But also once you've got that dataframe, it's often too big to be processed on a single machine in the office so you need to spin up a VM and move the data around which also requires a lot more computer science / hacking skills than you typically learn in a stats university degree so I think the term data scientist for someone who can do the computer sciency stuff in addition to the stats has its place...


Data science, unfortunately, is often considered a buzzword because it varies so significantly from org to org, and often there's a lot of No True Scotsman arguments resulting from that which makes everyone unhappy. But at minimum, every data scientist needs to know SQL; there's no way around it.

I wrote a full blog post ranting about the disparity between expectation vs. reality for data scientists a year ago: https://minimaxir.com/2018/10/data-science-protips/


> But at minimum, every data scientist needs to know SQL; there's no way around it.

Is it no longer the case that every programmer has to know SQL? I have always and still do consider knowledge of SQL a minimum requisite for any programming job...


It is not the case that every programmer has to know SQL (if it ever was).

Programming is now such a big field that plenty of people will go their whole careers without knowledge that's foundational for other programmers - whether it be SQL, linear algebra, memory management, distributed systems, ...

In a way, it's very cool. Instead of a single-dimensional "how good a programmer are you", we've got a multidimensional space. That, naturally, yields a lot more interesting corners, like, say, what could be invented by someone who knows a lot about databases and GPUs.


There are plenty of programming jobs that have no need for SQL, it's just easy to forget how broad the field is. There was never a need for SQL when I was programming microcontrollers, or DSP work in python/matlab

Granted, SQL is an extremely useful skill for programmers, but there are use cases (e.g. front-end dev) where it's not required.

Just because "computing has always centered on data", doesn't mean that every aspect of that was done well (not implying any recent changes brought by "Data Science" here).
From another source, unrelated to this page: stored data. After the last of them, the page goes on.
lemma prod_zeta2_factors_le:
  "(\<Prod>p | prime p \<and> p \<le> N. (real p)\<^sup>2 / ((real p)\<^sup>2 - 1)) \<le> pi\<^sup>2 / 6"
proof -
  have partial_le: "(\<Prod>p | prime p \<and> p \<le> N. \<Sum>k<K. (1 / (real p)\<^sup>2) ^ k) \<le> pi\<^sup>2 / 6" for K
  proof -
    have "(\<Prod>p | prime p \<and> p \<le> N. \<Sum>k<K. (1 / (real p)\<^sup>2) ^ k) =
        (\<Sum>m\<in>smooth_numbers K {p. prime p \<and> p \<le> N}. 1 / (real m)\<^sup>2)"
      using prod_sum_prime_powers_eq_sum_smooth_numbers[OF multiplicative_inverse_square finite_primes_le]
      by (simp add: inverse_square_power)
    also have "\<dots> \<le> (\<Sum>j. 1 / (real (Suc (j + 0)))\<^sup>2)"
    proof (rule sum_le_suminf_tail)
      show "summable (\<lambda>j. 1 / (real (Suc (j + 0)))\<^sup>2)"
        using sums_summable[OF inverse_square_Suc_sums] by simp
      show "finite (smooth_numbers K {p. prime p \<and> p \<le> N})"
        by (rule finite_smooth_numbers[OF finite_primes_le]) simp
    qed (simp_all add: smooth_numbers_def)
    finally show ?thesis
      using sums_unique[OF inverse_square_Suc_sums] by simp
  qed
  have "(\<lambda>K. \<Prod>p | prime p \<and> p \<le> N. \<Sum>k<K. (1 / (real p)\<^sup>2) ^ k) \<longlonglongrightarrow>
      (\<Prod>p | prime p \<and> p \<le> N. (real p)\<^sup>2 / ((real p)\<^sup>2 - 1))"
    using geometric_sums_inverse_square prime_gt_1_nat
    by (intro tendsto_prod) (simp add: sums_def)
  then show ?thesis
    by (rule LIMSEQ_le_const2) (use partial_le in blast)
qed
lemma exists_child_superset:
  assumes "\<mu> \<in> T" "\<nu> \<in> T" "\<mu> \<subset> \<nu>"
  obtains c where "c \<in> children T \<nu>" "\<mu> \<subseteq> c"
proof -
  define S where "S = {\<kappa>\<in>T. \<mu> \<subseteq> \<kappa> \<and> \<kappa> \<subset> \<nu>}"
  have "finite S" "S \<noteq> {}"
    using finite_tree assms unfolding S_def by auto
  then obtain \<kappa> where \<kappa>: "\<kappa> \<in> S" and max: "\<forall>\<kappa>'\<in>S. \<kappa> \<subseteq> \<kappa>' \<longrightarrow> \<kappa> = \<kappa>'"
    using finite_has_maximal by meson
  have "\<not> (\<exists>\<kappa>'\<in>T. \<kappa> \<subset> \<kappa>' \<and> \<kappa>' \<subset> \<nu>)"
  proof
    assume "\<exists>\<kappa>'\<in>T. \<kappa> \<subset> \<kappa>' \<and> \<kappa>' \<subset> \<nu>"
    then obtain \<kappa>' where "\<kappa>' \<in> T" "\<kappa> \<subset> \<kappa>'" "\<kappa>' \<subset> \<nu>" by blast
    moreover from this have "\<kappa>' \<in> S" using \<kappa> unfolding S_def by blast
    ultimately show False using max by blast
  qed
  with \<kappa> have "\<kappa> \<in> children T \<nu>" unfolding S_def children_def by blast
  then show thesis using that \<kappa> unfolding S_def by blast
qed

lemma child_superset_unique:
  assumes "\<mu> \<in> T" "\<nu> \<in> T" "c \<in> children T \<nu>" "\<mu> \<subseteq> c" "c' \<in> children T \<nu>" "\<mu> \<subseteq> c'"
  shows "c' = c"
  using children_disjoint[OF assms(2,3,5)] assms(4,6) node_nonempty[OF assms(1)] by blast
For a lot of systems, a lot of engineers/programmers often care very little about the "data", and they very often don't need to. E.g. on a high abstraction level your webserver doesn't care if it's sending HTML, JSON or whatever, and here we are just speaking about formats and not even higher semantics of the data.
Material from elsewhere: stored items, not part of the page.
lemma met_morphism_le:
  "met_morphism T d S e \<phi> \<Longrightarrow> x \<in> topspace T \<Longrightarrow> y \<in> topspace T \<Longrightarrow> e (\<phi> x) (\<phi> y) \<le> d x y"
  unfolding met_morphism_def by blast

lemma is_metric_on_coprod_met:
  "is_metric_on SB dB \<Longrightarrow> is_metric_on SX dX \<Longrightarrow> is_metric_on (Inl ` SB \<union> Inr ` SX) (coprod_met dB dX)"
  unfolding is_metric_on_def by auto

section \<open>The coproduct of two spaces\<close>

lemma vimage_Inr_image_Inl [simp]: "Inr -` Inl ` U = {}"
  and vimage_Inl_image_Inr [simp]: "Inl -` Inr ` V = {}"
  by auto

lemma topspace_coprod_top:
  "topspace (coprod_top TB TX) = Inl ` topspace TB \<union> Inr ` topspace TX"
proof -
  have "openin (coprod_top TB TX) (Inl ` topspace TB \<union> Inr ` topspace TX)"
    unfolding openin_coprod_top by (simp add: vimage_Un inj_vimage_image_eq)
  then show ?thesis
    using openin_subset unfolding topspace_def openin_coprod_top by blast
qed

lemma open_map_Inl: "open_map TB (coprod_top TB TX) Inl"
  unfolding open_map_def openin_coprod_top
  by (auto simp: inj_vimage_image_eq dest: openin_subset)

lemma open_map_Inr: "open_map TX (coprod_top TB TX) Inr"
  unfolding open_map_def openin_coprod_top
  by (auto simp: inj_vimage_image_eq dest: openin_subset)

lemma continuous_map_Inl: "continuous_map TB (coprod_top TB TX) Inl"
  unfolding continuous_map openin_coprod_top
  by (auto simp: topspace_coprod_top elim!: rev_iffD1[OF _ arg_cong[where f = "openin TB"]] dest: openin_subset)

lemma continuous_map_Inr: "continuous_map TX (coprod_top TB TX) Inr"
  unfolding continuous_map openin_coprod_top
  by (auto simp: topspace_coprod_top elim!: rev_iffD1[OF _ arg_cong[where f = "openin TX"]] dest: openin_subset)

lemma continuous_map_case_sum:
  assumes "continuous_map TB Y g" and "continuous_map TX Y h"
  shows "continuous_map (coprod_top TB TX) Y (case_sum g h)"
  unfolding continuous_map
proof (intro conjI allI impI)
  show "case_sum g h ` topspace (coprod_top TB TX) \<subseteq> topspace Y"
    using assms by (auto simp: topspace_coprod_top continuous_map_def)
  fix U assume "openin Y U"
  then have "openin TB {b \<in> topspace TB. g b \<in> U}" "openin TX {x \<in> topspace TX. h x \<in> U}"
    using assms by (simp_all add: openin_continuous_map_preimage)
  moreover have "Inl -` {z \<in> topspace (coprod_top TB TX). case_sum g h z \<in> U} = {b \<in> topspace TB. g b \<in> U}"
    and "Inr -` {z \<in> topspace (coprod_top TB TX). case_sum g h z \<in> U} = {x \<in> topspace TX. h x \<in> U}"
    by (auto simp: topspace_coprod_top)
  ultimately show "openin (coprod_top TB TX) {z \<in> topspace (coprod_top TB TX). case_sum g h z \<in> U}"
    unfolding openin_coprod_top by (auto simp: topspace_coprod_top)
qed

lemma compact_space_coprod_top:
  assumes "compact_space TB" and "compact_space TX"
  shows "compact_space (coprod_top TB TX)"
  using compactin_Un[OF image_compactin[OF _ continuous_map_Inl] image_compactin[OF _ continuous_map_Inr]] assms
  unfolding compact_space_def topspace_coprod_top by blast

lemma Hausdorff_space_coprod_top:
  assumes HB: "Hausdorff_space TB" and HX: "Hausdorff_space TX"
  shows "Hausdorff_space (coprod_top TB TX)"
  unfolding Hausdorff_space_def
proof (intro allI impI, elim conjE)
  fix z w
  assume z: "z \<in> topspace (coprod_top TB TX)" and w: "w \<in> topspace (coprod_top TB TX)" and "z \<noteq> w"
  have sides: "openin (coprod_top TB TX) (Inl ` topspace TB)" "openin (coprod_top TB TX) (Inr ` topspace TX)"
    using open_map_Inl open_map_Inr unfolding open_map_def by blast+
  show "\<exists>U V. openin (coprod_top TB TX) U \<and> openin (coprod_top TB TX) V \<and> z \<in> U \<and> w \<in> V \<and> disjnt U V"
  proof (cases z; cases w)
    fix b b' assume "z = Inl b" "w = Inl b'"
    with z w \<open>z \<noteq> w\<close> obtain U V where "openin TB U" "openin TB V" "b \<in> U" "b' \<in> V" "disjnt U V"
      using HB unfolding Hausdorff_space_def topspace_coprod_top by blast
    with \<open>z = Inl b\<close> \<open>w = Inl b'\<close> open_map_Inl show ?thesis
      unfolding open_map_def disjnt_def by (intro exI[of _ "Inl ` U"] exI[of _ "Inl ` V"]) auto
  next
    fix x x' assume "z = Inr x" "w = Inr x'"
    with z w \<open>z \<noteq> w\<close> obtain U V where "openin TX U" "openin TX V" "x \<in> U" "x' \<in> V" "disjnt U V"
      using HX unfolding Hausdorff_space_def topspace_coprod_top by blast
    with \<open>z = Inr x\<close> \<open>w = Inr x'\<close> open_map_Inr show ?thesis
      unfolding open_map_def disjnt_def by (intro exI[of _ "Inr ` U"] exI[of _ "Inr ` V"]) auto
  qed (use z w sides in \<open>auto simp: topspace_coprod_top disjnt_def\<close>)
qed

lemma open_map_box_neighbourhood:
  assumes "continuous_map (prod_topology T1 T2) Y (\<lambda>(p, q). \<phi> (e1 p) (e2 q))"
    and "open_map T1 Z1 e1" and "open_map T2 Z2 e2" and "openin Y V"
    and "p \<in> topspace T1" and "q \<in> topspace T2" and "\<phi> (e1 p) (e2 q) \<in> V"
  shows "\<exists>U W. openin Z1 U \<and> openin Z2 W \<and> e1 p \<in> U \<and> e2 q \<in> W \<and> (\<forall>z\<in>U. \<forall>w\<in>W. \<phi> z w \<in> V)"
proof -
  have "openin (prod_topology T1 T2) {pq \<in> topspace (prod_topology T1 T2). (\<lambda>(p, q). \<phi> (e1 p) (e2 q)) pq \<in> V}"
    using assms(1,4) by (rule openin_continuous_map_preimage)
  moreover have "(p, q) \<in> {pq \<in> topspace (prod_topology T1 T2). (\<lambda>(p, q). \<phi> (e1 p) (e2 q)) pq \<in> V}"
    using assms(5-7) by simp
  ultimately obtain U W where "openin T1 U" "openin T2 W" "p \<in> U" "q \<in> W"
    and "U \<times> W \<subseteq> {pq \<in> topspace (prod_topology T1 T2). (\<lambda>(p, q). \<phi> (e1 p) (e2 q)) pq \<in> V}"
    unfolding openin_prod_topology_alt by meson
  with assms(2,3) show ?thesis
    unfolding open_map_def by (intro exI[of _ "e1 ` U"] exI[of _ "e2 ` W"]) auto
qed

lemma continuous_map_prod_coprod_top:
  fixes \<phi> :: "'b + 'x \<Rightarrow> 'b + 'x \<Rightarrow> 'y"
  assumes LL: "continuous_map (prod_topology TB TB) Y (\<lambda>(b, b'). \<phi> (Inl b) (Inl b'))"
    and LR: "continuous_map (prod_topology TB TX) Y (\<lambda>(b, x). \<phi> (Inl b) (Inr x))"
    and RL: "continuous_map (prod_topology TX TB) Y (\<lambda>(x, b). \<phi> (Inr x) (Inl b))"
    and RR: "continuous_map (prod_topology TX TX) Y (\<lambda>(x, x'). \<phi> (Inr x) (Inr x'))"
  shows "continuous_map (prod_topology (coprod_top TB TX) (coprod_top TB TX)) Y (\<lambda>(z, w). \<phi> z w)"
  unfolding continuous_map
proof (intro conjI allI impI)
  let ?Z = "coprod_top TB TX"
  have "\<phi> z w \<in> topspace Y" if "z \<in> topspace ?Z" "w \<in> topspace ?Z" for z w
    using that continuous_map_image_subset_topspace[OF LL] continuous_map_image_subset_topspace[OF LR]
      continuous_map_image_subset_topspace[OF RL] continuous_map_image_subset_topspace[OF RR]
    by (cases z; cases w) (auto simp: topspace_coprod_top image_subset_iff)
  then show "(\<lambda>(z, w). \<phi> z w) ` topspace (prod_topology ?Z ?Z) \<subseteq> topspace Y"
    by auto
  fix V assume V: "openin Y V"
  have box: "\<exists>U W. openin ?Z U \<and> openin ?Z W \<and> z \<in> U \<and> w \<in> W \<and> (\<forall>z\<in>U. \<forall>w\<in>W. \<phi> z w \<in> V)"
    if "z \<in> topspace ?Z" "w \<in> topspace ?Z" "\<phi> z w \<in> V" for z w
    using that open_map_box_neighbourhood[OF LL open_map_Inl open_map_Inl V]
      open_map_box_neighbourhood[OF LR open_map_Inl open_map_Inr V]
      open_map_box_neighbourhood[OF RL open_map_Inr open_map_Inl V]
      open_map_box_neighbourhood[OF RR open_map_Inr open_map_Inr V]
    by (cases z; cases w) (auto simp: topspace_coprod_top)
  show "openin (prod_topology ?Z ?Z) {p \<in> topspace (prod_topology ?Z ?Z). (\<lambda>(z, w). \<phi> z w) p \<in> V}"
    unfolding openin_prod_topology_alt
  proof (intro allI impI)
    fix z w assume "(z, w) \<in> {p \<in> topspace (prod_topology ?Z ?Z). (\<lambda>(z, w). \<phi> z w) p \<in> V}"
    then have "z \<in> topspace ?Z" "w \<in> topspace ?Z" "\<phi> z w \<in> V"
      by auto
    from box[OF this] obtain U W
      where "openin ?Z U" "openin ?Z W" "z \<in> U" "w \<in> W" "\<forall>z\<in>U. \<forall>w\<in>W. \<phi> z w \<in> V"
      by blast
    then show "\<exists>U W. openin ?Z U \<and> openin ?Z W \<and> z \<in> U \<and> w \<in> W \<and>
        U \<times> W \<subseteq> {p \<in> topspace (prod_topology ?Z ?Z). (\<lambda>(z, w). \<phi> z w) p \<in> V}"
      by (intro exI[of _ U] exI[of _ W]) (auto dest: openin_subset)
  qed
qed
I think there can be a lot of value in data-focused roles in companies, because there are many (hard) questions around data that are often badly answered as afterthoughts:

- What are the exact semantics of this data?

- How do make sure the data is clean?

- How do we evolve the data over time?


A good data scientist is a jack of all trades - mediocre programmer, mediocre ML modeler, mediocre ETL architect, mediocre statistician and a mediocre analyst. You hire this person because you don't need a specialist in each of these fields But you need someone who can do these things. Also you don't want to pay a metric ton of money so you can't expect some superstar.
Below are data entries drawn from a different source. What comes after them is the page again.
lemma unit_vectors_as_pure_states:
  fixes A :: "complex^'n^'n"
  assumes xx: "cinner x x = 1" and yy: "cinner y y = 1" and y: "y \<noteq> cinner x y *s x"
  obtains u2 p c where "cinner u2 u2 = 1" "cinner x u2 = 0" "(cmod c)^2 = p * (1 - p)"
    "qform A x = state_qform A x u2 1 0" "(norm (A *v x))^2 = state_normsq A x u2 1 0"
    "qform A y = state_qform A x u2 p c" "(norm (A *v y))^2 = state_normsq A x u2 p c"
proof -
  define a where "a = cinner x y"
  obtain u2 e where u2: "cinner u2 u2 = 1" "cinner x u2 = 0" "e > 0"
    and yd: "y = a *s x + of_real e *s u2"
    using gram_schmidt_step[OF xx y] unfolding a_def by blast
  define p where "p = (cmod a)^2"
  define c where "c = cnj a * of_real e"
  have "1 = cinner y y" using yy by simp
  also have "\<dots> = of_real (p + e^2)"
    unfolding yd cinner_lincomb xx u2 cinner_commute[of u2 x]
    by (simp add: p_def cnj_mult_self power2_eq_square)
  finally have "p + e^2 = 1" by (metis of_real_eq_1_iff)
  then have pe: "1 - p = e * e" by (simp add: power2_eq_square)
  have ay: "cnj a * a = of_real p" "cnj (of_real e) * of_real e = of_real (1 - p)" "cnj a * of_real e = c"
    by (simp_all only: pe) (simp_all add: p_def c_def cnj_mult_self)
  have ax: "cnj 1 * 1 = (of_real 1 :: complex)" "cnj 0 * 0 = (of_real (1 - 1) :: complex)"
    "cnj 1 * 0 = (0::complex)"
    by simp_all
  have "(cmod c)^2 = p * (1 - p)" unfolding pe by (simp add: c_def p_def norm_mult power2_eq_square)
  moreover note pure_state_values(2,3)[where A = A, OF xx u2(1,2) ax, simplified]
  moreover note pure_state_values(2,3)[where A = A, OF xx u2(1,2) ay, folded yd]
  ultimately show ?thesis by (rule that[OF u2(1,2)])
qed

text \<open>The segment between two points of W_{\<ge>r}(A) is the image of a segment of mixed states of one
  orthonormal pair, along which |A x|^2 \<ge> r^2 persists because it is affine.\<close>
lemma num_range_ge_convex:
  fixes A :: "complex^'n^'n"
  assumes r: "0 \<le> r"
  shows "convex (num_range_ge r A)"
proof (rule convexI)
  fix w1 w2 and u v :: real
  assume w1: "w1 \<in> num_range_ge r A" and w2: "w2 \<in> num_range_ge r A"
    and uv: "0 \<le> u" "0 \<le> v" "u + v = 1"
  obtain x where x: "norm x = 1" "r \<le> norm (A *v x)" "w1 = qform A x"
    using w1 by (auto simp: num_range_ge_def)
  obtain y where y: "norm y = 1" "r \<le> norm (A *v y)" "w2 = qform A y"
    using w2 by (auto simp: num_range_ge_def)
  have xx: "cinner x x = 1" and yy: "cinner y y = 1" using x(1) y(1) by (simp_all add: cinner_self_eq_1_iff)
  define a where "a = cinner x y"
  show "u *\<^sub>R w1 + v *\<^sub>R w2 \<in> num_range_ge r A"
  proof (cases "y = a *s x")
    case True
    have "cnj a * a = 1"
      using yy xx unfolding True cinner_scale_left cinner_scale_right by (simp add: mult.commute)
    then have "w2 = w1" unfolding x(3) y(3) True qform_scale by simp
    then show ?thesis using w1 uv by (simp flip: scaleR_add_left)
  next
    case False
    obtain u2 p c where s: "cinner u2 u2 = 1" "cinner x u2 = 0" "(cmod c)^2 = p * (1 - p)"
      "qform A x = state_qform A x u2 1 0" "(norm (A *v x))^2 = state_normsq A x u2 1 0"
      "qform A y = state_qform A x u2 p c" "(norm (A *v y))^2 = state_normsq A x u2 p c"
      by (rule unit_vectors_as_pure_states[OF xx yy False[unfolded a_def]])
    have "(cmod (u *\<^sub>R 0 + v *\<^sub>R c))^2 \<le> (u * 1 + v * p) * (1 - (u * 1 + v * p))"
      using s(3) by (intro mixed_state_convex[OF _ _ uv]) simp_all
    moreover have "r^2 \<le> state_normsq A x u2 (u * 1 + v * p) (u *\<^sub>R 0 + v *\<^sub>R c)"
    proof -
      have "r^2 = u * r^2 + v * r^2" using uv(3) by (simp flip: distrib_right)
      also have "\<dots> \<le> u * state_normsq A x u2 1 0 + v * state_normsq A x u2 p c"
        using power_mono[OF x(2) r, of 2] power_mono[OF y(2) r, of 2] s(5,7) uv(1,2)
        by (intro add_mono mult_left_mono) simp_all
      finally show ?thesis by (simp only: state_values_convex_comb[OF uv(3)])
    qed
    ultimately have "state_qform A x u2 (u * 1 + v * p) (u *\<^sub>R 0 + v *\<^sub>R c) \<in> num_range_ge r A"
      using mixed_state_realizable[OF xx s(1,2) _ r] by blast
    then show ?thesis
      by (simp only: state_values_convex_comb[OF uv(3)] x(3) y(3) s(4,6))
  qed
qed

section \<open>Arcs of angles\<close>

lemma int_eq_0_if_abs_2pi_mult_less:
  assumes "\<bar>2 * pi * real_of_int k\<bar> < 2 * pi"
  shows "k = 0"
proof -
  have "2 * pi * \<bar>real_of_int k\<bar> < 2 * pi * 1" using assms by (simp add: abs_mult)
  then have "\<bar>real_of_int k\<bar> < 1" using pi_gt_zero by (simp only: mult_less_cancel_left_pos)
  then show ?thesis by linarith
qed

lemma cis_add_2pi_int: "cis (x + 2 * pi * real_of_int k) = cis x"
  by (simp flip: cis_mult)

lemma exists_2pi_shift_into_branch:
  fixes m :: real
  obtains k :: int where "- pi < m + 2 * pi * real_of_int k" "m + 2 * pi * real_of_int k \<le> pi"
proof
  define k where "k = floor ((pi - m) / (2 * pi))"
  have "real_of_int k \<le> (pi - m) / (2 * pi)" "(pi - m) / (2 * pi) < real_of_int k + 1"
    unfolding k_def by linarith+
  then have "2 * pi * real_of_int k \<le> pi - m" "pi - m < 2 * pi * real_of_int k + 2 * pi"
    using pi_gt_zero by (simp_all add: field_simps)
  then show "- pi < m + 2 * pi * real_of_int k" "m + 2 * pi * real_of_int k \<le> pi" by linarith+
qed

lemma polar_angle_unique_mod_2pi:
  assumes "z \<noteq> 0" "z = of_real (cmod z) * cis s" "z = of_real (cmod z) * cis t"
  obtains k :: int where "s = t + 2 * pi * real_of_int k"
proof -
  have "cis s = cis t" using assms by (metis mult_cancel_left norm_eq_zero of_real_eq_0_iff)
  then have "sin s = sin t \<and> cos s = cos t" by (simp add: complex_eq_iff)
  then show ?thesis using sin_cos_eq_iff that by blast
qed

lemma polar_arctan:
  assumes "Re v > 0"
  shows "v = of_real (cmod v) * cis (arctan (Im v / Re v))"
  by (metis arg_conv_arctan[OF assms] rcis_cmod_Arg rcis_def)

lemma angle_arc_image_iff:
  "angle_arc ((\<lambda>w. (Re w, Im w)) ` S) a b \<longleftrightarrow>
     a \<le> b \<and> b - a \<le> pi \<and> - pi < (a + b) / 2 \<and> (a + b) / 2 \<le> pi \<and>
     (\<forall>w\<in>S. \<exists>t. a \<le> t \<and> t \<le> b \<and> w = of_real (cmod w) * cis t) \<and>
     (\<exists>w\<in>S. w = of_real (cmod w) * cis a) \<and>
     (\<exists>w\<in>S. w = of_real (cmod w) * cis b)"
  by (simp add: angle_arc_def)

lemma angle_arc_member:
  assumes "angle_arc ((\<lambda>w. (Re w, Im w)) ` S) a b" "w \<in> S"
  obtains t where "a \<le> t" "t \<le> b" "w = of_real (cmod w) * cis t"
  using assms unfolding angle_arc_image_iff by blast

lemma angle_arc_angle_mod_2pi:
  assumes "angle_arc ((\<lambda>w. (Re w, Im w)) ` S) a b" "0 \<notin> S"
    and "w \<in> S" "w = of_real (cmod w) * cis x"
  obtains t k where "a \<le> t" "t \<le> b" "x = t + 2 * pi * real_of_int k"
proof -
  obtain t where t: "a \<le> t" "t \<le> b" "w = of_real (cmod w) * cis t"
    using angle_arc_member[OF assms(1,3)] .
  have "w \<noteq> 0" using assms(2,3) by auto
  then show ?thesis using polar_angle_unique_mod_2pi[OF _ assms(4) t(3)] t(1,2) that by blast
qed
Good data scientists also need to be great at a couple of things. They must be excellent presenters, and excellent diplomats. Getting the data is the hardest part. Data silos are create all over the place and getting access to that data requires speaking to a lot of higher ups.

Can confirm. Am data scientist. Am mediocre at everything :)

> Also you don't want to pay a metric ton of money

Doesn't the job title of "data scientist" still correlate with high pay, or has the hype started to wane?


A data scientist doesn't command the same premium as a machine learning engineer or a kubernetes expert, I'm afraid

Depends where. I'm at Amazon, and they are really serious about not letting DS become just business analysts who just SQL/Python. But elsewhere I do get the impression there is some dilution. Although honestly, that's natural. Just like how in the SDE world there are template web devs and hardcore infrastructure guys, who get paid massively different amounts but have the same job title, that's happening to DS.

Depends on the location and company. In a smaller city working for a smaller company an entry level data scientist might be happy to pull in 60k. In a major city working for a large company you can at the very least double that number.

If the person can do all of these in a way that makes them a profitable investment, it doesn't really seem so high

These people often have PhD's, I doubt they are mediocre statisticians or mediocre analysts.

Hmmmm. I wish your implication was correct, but I fear it's not.

>Computing has always centered on data

Sure, well-thought out data structures were an integral part of good clean code, but the bulk of data was an artifact of software in the form of logs and largely unused database records, not the "center" of anything. Today, there are many people who take these logs and database records and run very specialized code on them. I entered industry in the mid 2000s and it was very difficult to find jobs that concentrated on this component back then. We're often called data scientists today, and there's orders of magnitude more attention that goes into it. This is a real shift that has brought data into the "center" of many organizations.


I used to work for a big consulting firm. A pretty fancy one, not the fanciest, but fancier than most that claim to be fancy.

10 years ago they had a big initiative around “Analytics.” I’ve programmed and worked in data for a few decades so I tried to figure out why these biz people were interested in Analytics.

When I asked they brought up all the terms you said. I showed examples from various projects how they were just describing basic data programming. But they disagreed because this was new.

I figured it out a few years later when they spent $5B on the initiative and it was making money like gangbusters. This was now a product line. It was new that they were selling it.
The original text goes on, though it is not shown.